WHAT THIS TASK INVOLVES >>
Your answer should be the entries below, reproduced character for character.

• • • • • • •

lemma violation_decrease_le: "violation t - violation (Suc t) \<le> K * (\<beta> t * K + \<alpha> t * dist_X_\<xi> t)"
proof -
  have "x t - x (Suc t) = \<beta> t *\<^sub>R dg (x t) + \<alpha> t *\<^sub>R (\<xi> t - closest_point X (\<xi> t))"
    by (simp add: x_step \<xi>_def)
  then have "dist (x t) (x (Suc t))
      \<le> norm (\<beta> t *\<^sub>R dg (x t)) + norm (\<alpha> t *\<^sub>R (\<xi> t - closest_point X (\<xi> t)))"
    unfolding dist_norm by (metis norm_triangle_ineq)
  also have "\<dots> \<le> \<beta> t * K + \<alpha> t * dist_X_\<xi> t"
    using dg_bound[of "x t"] \<beta>_nonneg[of t] \<alpha>_range[of t]
    by (simp add: dist_norm infdist_eq_dist_closest_point[OF X_closed X_nonempty] mult_left_mono)
  finally have "dist (x t) (x (Suc t)) \<le> \<beta> t * K + \<alpha> t * dist_X_\<xi> t" .
  then show ?thesis
    using subgradient_decrease_le[OF dg_subgrad dg_bound, of "x t" "x (Suc t)"] K_nonneg
    by (meson mult_left_mono order_trans)
qed

lemma violation_nonneg: "0 \<le> violation t"
  by (simp add: pos_part_fun_def)

lemma fejer_step:
  assumes "z \<in> X" and "g z \<le> 0"
  shows "(dist (x (Suc t)) z)\<^sup>2
    \<le> (dist (x t) z)\<^sup>2 - (2 * \<beta> t * violation t + \<alpha> t * (dist_X_\<xi> t)\<^sup>2) + (\<beta> t)\<^sup>2 * K\<^sup>2"
proof -
  have "pos_part_fun g z = 0"
    using assms(2) by (simp add: pos_part_fun_def)
  then have "(dist (\<xi> t) z)\<^sup>2 \<le> (dist (x t) z)\<^sup>2 - 2 * \<beta> t * violation t + (\<beta> t)\<^sup>2 * K\<^sup>2"
    using subgradient_step_dist_le[OF dg_subgrad dg_bound \<beta>_nonneg, of "x t" t z] by (simp add: \<xi>_def)
  moreover have "(dist (x (Suc t)) z)\<^sup>2 \<le> (dist (\<xi> t) z)\<^sup>2 - \<alpha> t * (dist_X_\<xi> t)\<^sup>2"
    using relaxed_projection_dist_le[OF X_closed X_convex assms(1)] \<alpha>_range[of t] by (simp add: x_step)
  ultimately show ?thesis
    by linarith
qed

lemma fejer_monotone:
  assumes "z \<in> X" and "g z \<le> 0" and "summable (\<lambda>t. (\<beta> t)\<^sup>2)"
  shows "summable (\<lambda>t. \<beta> t * violation t)" and "summable (\<lambda>t. \<alpha> t * (dist_X_\<xi> t)\<^sup>2)"
    and "convergent (\<lambda>t. dist (x t) z)"
proof -
  have descent_nonneg: "0 \<le> 2 * \<beta> t * violation t + \<alpha> t * (dist_X_\<xi> t)\<^sup>2" for t
    using \<beta>_nonneg[of t] \<alpha>_range[of t] violation_nonneg[of t] by simp
  have descent: "summable (\<lambda>t. 2 * \<beta> t * violation t + \<alpha> t * (dist_X_\<xi> t)\<^sup>2)"
    and conv: "convergent (\<lambda>t. (dist (x t) z)\<^sup>2)"
    by (rule robbins_siegmund_deterministic[OF _ descent_nonneg _ summable_mult2[OF assms(3)]
          fejer_step[OF assms(1,2)]]; simp)+
  show "summable (\<lambda>t. \<beta> t * violation t)"
    by (rule summable_comparison_test'[OF descent, where N = 0])
      (use \<beta>_nonneg \<alpha>_range violation_nonneg in simp)
  show "summable (\<lambda>t. \<alpha> t * (dist_X_\<xi> t)\<^sup>2)"
    by (rule summable_comparison_test'[OF descent, where N = 0])
      (use \<beta>_nonneg \<alpha>_range violation_nonneg in simp)
  from conv obtain L where "(\<lambda>t. (dist (x t) z)\<^sup>2) \<longlonglongrightarrow> L"
    unfolding convergent_def by blast
  then have "(\<lambda>t. sqrt ((dist (x t) z)\<^sup>2)) \<longlonglongrightarrow> sqrt L"
    by (rule tendsto_real_sqrt)
  then show "convergent (\<lambda>t. dist (x t) z)"
    unfolding convergent_def by auto
qed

• • • • • • •

TASK SOLUTION >>
lemma violation_decrease_le: "violation t - violation (Suc t) \<le> K * (\<beta> t * K + \<alpha> t * dist_X_\<xi> t)"
proof -
  have "x t - x (Suc t) = \<beta> t *\<^sub>R dg (x t) + \<alpha> t *\<^sub>R (\<xi> t - closest_point X (\<xi> t))"
    by (simp add: x_step \<xi>_def)
  then have "dist (x t) (x (Suc t))
      \<le> norm (\<beta> t *\<^sub>R dg (x t)) + norm (\<alpha> t *\<^sub>R (\<xi> t - closest_point X (\<xi> t)))"
    unfolding dist_norm by (metis norm_triangle_ineq)
  also have "\<dots> \<le> \<beta> t * K + \<alpha> t * dist_X_\<xi> t"
    using dg_bound[of "x t"] \<beta>_nonneg[of t] \<alpha>_range[of t]
    by (simp add: dist_norm infdist_eq_dist_closest_point[OF X_closed X_nonempty] mult_left_mono)
  finally have "dist (x t) (x (Suc t)) \<le> \<beta> t * K + \<alpha> t * dist_X_\<xi> t" .
  then show ?thesis
    using subgradient_decrease_le[OF dg_subgrad dg_bound, of "x t" "x (Suc t)"] K_nonneg
    by (meson mult_left_mono order_trans)
qed

lemma violation_nonneg: "0 \<le> violation t"
  by (simp add: pos_part_fun_def)

lemma fejer_step:
  assumes "z \<in> X" and "g z \<le> 0"
  shows "(dist (x (Suc t)) z)\<^sup>2
    \<le> (dist (x t) z)\<^sup>2 - (2 * \<beta> t * violation t + \<alpha> t * (dist_X_\<xi> t)\<^sup>2) + (\<beta> t)\<^sup>2 * K\<^sup>2"
proof -
  have "pos_part_fun g z = 0"
    using assms(2) by (simp add: pos_part_fun_def)
  then have "(dist (\<xi> t) z)\<^sup>2 \<le> (dist (x t) z)\<^sup>2 - 2 * \<beta> t * violation t + (\<beta> t)\<^sup>2 * K\<^sup>2"
    using subgradient_step_dist_le[OF dg_subgrad dg_bound \<beta>_nonneg, of "x t" t z] by (simp add: \<xi>_def)
  moreover have "(dist (x (Suc t)) z)\<^sup>2 \<le> (dist (\<xi> t) z)\<^sup>2 - \<alpha> t * (dist_X_\<xi> t)\<^sup>2"
    using relaxed_projection_dist_le[OF X_closed X_convex assms(1)] \<alpha>_range[of t] by (simp add: x_step)
  ultimately show ?thesis
    by linarith
qed

lemma fejer_monotone:
  assumes "z \<in> X" and "g z \<le> 0" and "summable (\<lambda>t. (\<beta> t)\<^sup>2)"
  shows "summable (\<lambda>t. \<beta> t * violation t)" and "summable (\<lambda>t. \<alpha> t * (dist_X_\<xi> t)\<^sup>2)"
    and "convergent (\<lambda>t. dist (x t) z)"
proof -
  have descent_nonneg: "0 \<le> 2 * \<beta> t * violation t + \<alpha> t * (dist_X_\<xi> t)\<^sup>2" for t
    using \<beta>_nonneg[of t] \<alpha>_range[of t] violation_nonneg[of t] by simp
  have descent: "summable (\<lambda>t. 2 * \<beta> t * violation t + \<alpha> t * (dist_X_\<xi> t)\<^sup>2)"
    and conv: "convergent (\<lambda>t. (dist (x t) z)\<^sup>2)"
    by (rule robbins_siegmund_deterministic[OF _ descent_nonneg _ summable_mult2[OF assms(3)]
          fejer_step[OF assms(1,2)]]; simp)+
  show "summable (\<lambda>t. \<beta> t * violation t)"
    by (rule summable_comparison_test'[OF descent, where N = 0])
      (use \<beta>_nonneg \<alpha>_range violation_nonneg in simp)
  show "summable (\<lambda>t. \<alpha> t * (dist_X_\<xi> t)\<^sup>2)"
    by (rule summable_comparison_test'[OF descent, where N = 0])
      (use \<beta>_nonneg \<alpha>_range violation_nonneg in simp)
  from conv obtain L where "(\<lambda>t. (dist (x t) z)\<^sup>2) \<longlonglongrightarrow> L"
    unfolding convergent_def by blast
  then have "(\<lambda>t. sqrt ((dist (x t) z)\<^sup>2)) \<longlonglongrightarrow> sqrt L"
    by (rule tendsto_real_sqrt)
  then show "convergent (\<lambda>t. dist (x t) z)"
    unfolding convergent_def by auto
qed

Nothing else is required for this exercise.